### Exercise brief
In the records below, find each line with the word "that" and copy it.

##########

lemma num_partitions_strict_mono:
  fixes e :: "'a::{order,finite} \<Rightarrow> 'a \<Rightarrow> int"
  assumes "int (card (UNIV :: 'a set)) \<le> N" and "N < N'"
  shows "num_partitions e N < num_partitions e N'"
proof -
  obtain m :: 'a where m: "\<forall>z. \<not> z < m" using ex_minimal_below by blast
  let ?\<tau> = "\<lambda>z. if z = m then N' else upset_card z"
  have "?\<tau> \<in> bounded_partitions e N'" using peak_at_minimal[OF m] assms by simp
  moreover have "?\<tau> \<notin> bounded_partitions e N"
    using assms(2) by (auto simp: bounded_partitions_def image_subset_iff)
  ultimately have "bounded_partitions e N \<subset> bounded_partitions e N'"
    using bounded_partitions_mono[of N N' e] assms(2) by auto
  then show ?thesis
    unfolding num_partitions_def by (intro psubset_card_mono finite_bounded_partitions)
qed

lemma tight_cover_witness:
  fixes x y :: "'a::{order,finite}"
  assumes xy: "covers x y" and d: "d \<in> {0, 1}" and K: "2 * int (card (UNIV :: 'a set)) \<le> K"
  obtains \<tau> where "range \<tau> \<subseteq> {1..K}" "\<tau> x = \<tau> y + d"
    "\<And>a b. covers a b \<Longrightarrow> (a, b) \<noteq> (x, y) \<Longrightarrow> \<tau> b < \<tau> a"
proof
  let ?p = "int (card (UNIV :: 'a set))"
  \<comment> \<open>Strictly decreasing along all other covers: lifting everything weakly below \<open>y\<close>
    by \<open>|P|\<close> makes room to put \<open>x\<close> just \<open>d\<close> above \<open>y\<close>.\<close>
  define \<tau> where "\<tau> z = (if z = x then upset_card y + ?p + d
    else upset_card z + (if z \<le> y then ?p else 0)) + (K - 2 * ?p)" for z
  have "x < y" using xy by (simp add: covers_def)
  then show "\<tau> x = \<tau> y + d" by (simp add: \<tau>_def)
  have "upset_card y < upset_card x" using \<open>x < y\<close> by (rule upset_card_strict_antimono)
  then have "\<tau> z \<in> {1..K}" for z
    using upset_card_bounds[of x] upset_card_bounds[of y] upset_card_bounds[of z] d K
    by (auto simp: \<tau>_def)
  then show "range \<tau> \<subseteq> {1..K}" by auto
  fix a b assume ab: "covers a b" "(a, b) \<noteq> (x, y)"
  then have "a < b" by (simp add: covers_def)
  show "\<tau> b < \<tau> a"
  proof (cases "a = x")
    case True
    with ab xy have "\<not> b \<le> y" "b \<noteq> x" by (auto simp: covers_def less_le)
    with True show ?thesis using upset_card_bounds[of b] upset_card_bounds[of y] d by (auto simp: \<tau>_def)
  next
    case False
    show ?thesis
    proof (cases "b = x")
      case True
      with \<open>a < b\<close> \<open>x < y\<close> have "a \<le> y" "upset_card y + 2 \<le> upset_card a"
        using upset_card_strict_antimono[of a x] upset_card_strict_antimono[of x y] by auto
      with True False show ?thesis using d by (auto simp: \<tau>_def)
    next
      case False
      then show ?thesis using \<open>a \<noteq> x\<close> \<open>a < b\<close> upset_card_strict_antimono[OF \<open>a < b\<close>]
        by (auto simp: \<tau>_def dest: order.strict_trans1)
    qed
  qed
qed

lemma minimal_defect_not_shifted:
  fixes e :: "'a::{order,finite} \<Rightarrow> 'a \<Rightarrow> int"
  assumes m: "\<forall>z. \<not> z < m" and defect: "upper_rank e m < rank e"
    and K: "int (card (UNIV :: 'a set)) < N + rank e"
  shows "\<exists>\<tau> \<in> bounded_partitions (neg_lab e) (N + rank e).
    (\<lambda>x. \<tau> x - upper_rank e x) \<notin> bounded_partitions e N"
proof
  let ?\<tau> = "\<lambda>z. if z = m then N + rank e else upset_card z"
  show "?\<tau> \<in> bounded_partitions (neg_lab e) (N + rank e)"
    using peak_at_minimal[OF m K] .
  show "(\<lambda>x. ?\<tau> x - upper_rank e x) \<notin> bounded_partitions e N"
    using bounded_partitions_values[of _ e N m] defect by force
qed

lemma cover_defect_not_shifted:
  fixes e :: "'a::{order,finite} \<Rightarrow> 'a \<Rightarrow> int"
  assumes "sign_lab e" and xy: "covers x y" and defect: "e x y + upper_rank e y < upper_rank e x"
    and K: "2 * int (card (UNIV :: 'a set)) \<le> N + rank e"
  shows "\<exists>\<tau> \<in> bounded_partitions (neg_lab e) (N + rank e).
    (\<lambda>x. \<tau> x - upper_rank e x) \<notin> bounded_partitions e N"
proof -
  define d :: int where "d = (if e x y = 1 then 1 else 0)"
  have "d \<in> {0, 1}" by (simp add: d_def)
  then obtain \<tau> where \<tau>: "range \<tau> \<subseteq> {1..N + rank e}" "\<tau> x = \<tau> y + d"
    and strict: "\<And>a b :: 'a. covers a b \<Longrightarrow> (a, b) \<noteq> (x, y) \<Longrightarrow> \<tau> b < \<tau> a"
    using tight_cover_witness[OF xy _ K] by blast
  have sign: "e x y = 1 \<or> e x y = -1" using \<open>sign_lab e\<close> by (simp add: sign_lab_def)
  have "\<tau> b \<le> \<tau> a \<and> (neg_lab e a b = -1 \<longrightarrow> \<tau> b < \<tau> a)" if "covers a b" for a b
  proof (cases "(a, b) = (x, y)")
    case True
    then show ?thesis using \<tau>(2) by (auto simp: d_def neg_lab_def)
  next
    case False
    then show ?thesis using strict[OF that] by simp
  qed
  with \<tau>(1) have "\<tau> \<in> bounded_partitions (neg_lab e) (N + rank e)"
    by (simp add: bounded_partitions_def cover_compatible_def)
  moreover have "(\<lambda>z. \<tau> z - upper_rank e z) \<notin> bounded_partitions e N"
  proof
    assume "(\<lambda>z. \<tau> z - upper_rank e z) \<in> bounded_partitions e N"
    then have "\<tau> y - upper_rank e y \<le> \<tau> x - upper_rank e x"
      and "e x y = -1 \<Longrightarrow> \<tau> y - upper_rank e y < \<tau> x - upper_rank e x"
      using xy by (auto simp: bounded_partitions_def cover_compatible_def)
    then show False using \<tau>(2) defect sign by (auto simp: d_def)
  qed
  ultimately show ?thesis by blast
qed

lemma num_partitions_less_shift_rank:
  fixes e :: "'a::{order,finite} \<Rightarrow> 'a \<Rightarrow> int"
  assumes "sign_lab e" and "\<not> graded e" and K: "2 * int (card (UNIV :: 'a set)) \<le> N + rank e"
  shows "num_partitions e N < num_partitions (neg_lab e) (N + rank e)"
proof -
  let ?shift = "\<lambda>\<sigma> x. \<sigma> x + upper_rank e x"
  have "0 < card (UNIV :: 'a set)" by (simp add: card_gt_0_iff)
  with K have "int (card (UNIV :: 'a set)) < N + rank e" by linarith
  then obtain \<tau> where \<tau>: "\<tau> \<in> bounded_partitions (neg_lab e) (N + rank e)"
    and not_shifted: "(\<lambda>x. \<tau> x - upper_rank e x) \<notin> bounded_partitions e N"
    using not_graded_defect[OF \<open>\<not> graded e\<close>] minimal_defect_not_shifted
      cover_defect_not_shifted[OF \<open>sign_lab e\<close> _ _ K] by blast
  have "\<tau> \<notin> ?shift ` bounded_partitions e N"
    using not_shifted by auto
  then have "?shift ` bounded_partitions e N \<subset> bounded_partitions (neg_lab e) (N + rank e)"
    using \<tau> shift_upper_rank_mem[OF assms(1)] by blast
  then have "card (?shift ` bounded_partitions e N) < num_partitions (neg_lab e) (N + rank e)"
    unfolding num_partitions_def by (intro psubset_card_mono finite_bounded_partitions)
  moreover have "inj_on ?shift (bounded_partitions e N)"
    by (rule inj_onI) (simp add: fun_eq_iff)
  ultimately show ?thesis
    by (simp add: num_partitions_def card_image)
qed

lemma rank_bounds_shift:
  fixes e :: "'a::{order,finite} \<Rightarrow> 'a \<Rightarrow> int"
  assumes "sign_lab e"
    and "\<forall>\<^sub>F N in at_top. num_partitions e N = num_partitions (neg_lab e) (N + s)"
  shows "s \<le> rank e" and "s = rank e \<Longrightarrow> graded e"
proof -
  let ?p = "int (card (UNIV :: 'a set))"
  have "\<forall>\<^sub>F N in at_top. num_partitions e N = num_partitions (neg_lab e) (N + s)
      \<and> 2 * ?p - rank e \<le> N"
    using assms(2) eventually_ge_at_top by (rule eventually_conj)
  then obtain N where N: "num_partitions e N = num_partitions (neg_lab e) (N + s)"
    and "2 * ?p - rank e \<le> N"
    unfolding eventually_at_top_linorder by blast
  then have large: "2 * ?p \<le> N + rank e" by linarith
  show "s \<le> rank e"
  proof (rule ccontr)
    assume "\<not> s \<le> rank e"
    then have "num_partitions (neg_lab e) (N + rank e) < num_partitions (neg_lab e) (N + s)"
      using large by (intro num_partitions_strict_mono) auto
    then show False
      using num_partitions_le_shift_rank[OF assms(1), of N] N by simp
  qed
  show "graded e" if "s = rank e"
    using num_partitions_less_shift_rank[OF assms(1) _ large] N that by force
qed

section \<open>Polynomiality of the partition count\<close>

definition partitions_onto :: "('a::order \<Rightarrow> 'a \<Rightarrow> int) \<Rightarrow> 'b::order set \<Rightarrow> ('a \<Rightarrow> 'b) set" where
  "partitions_onto e T = {\<tau>. cover_compatible e \<tau> \<and> range \<tau> = T}"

##########

### Answer space
    then show ?thesis using strict[OF that] by simp
    using num_partitions_less_shift_rank[OF assms(1) _ large] N that by force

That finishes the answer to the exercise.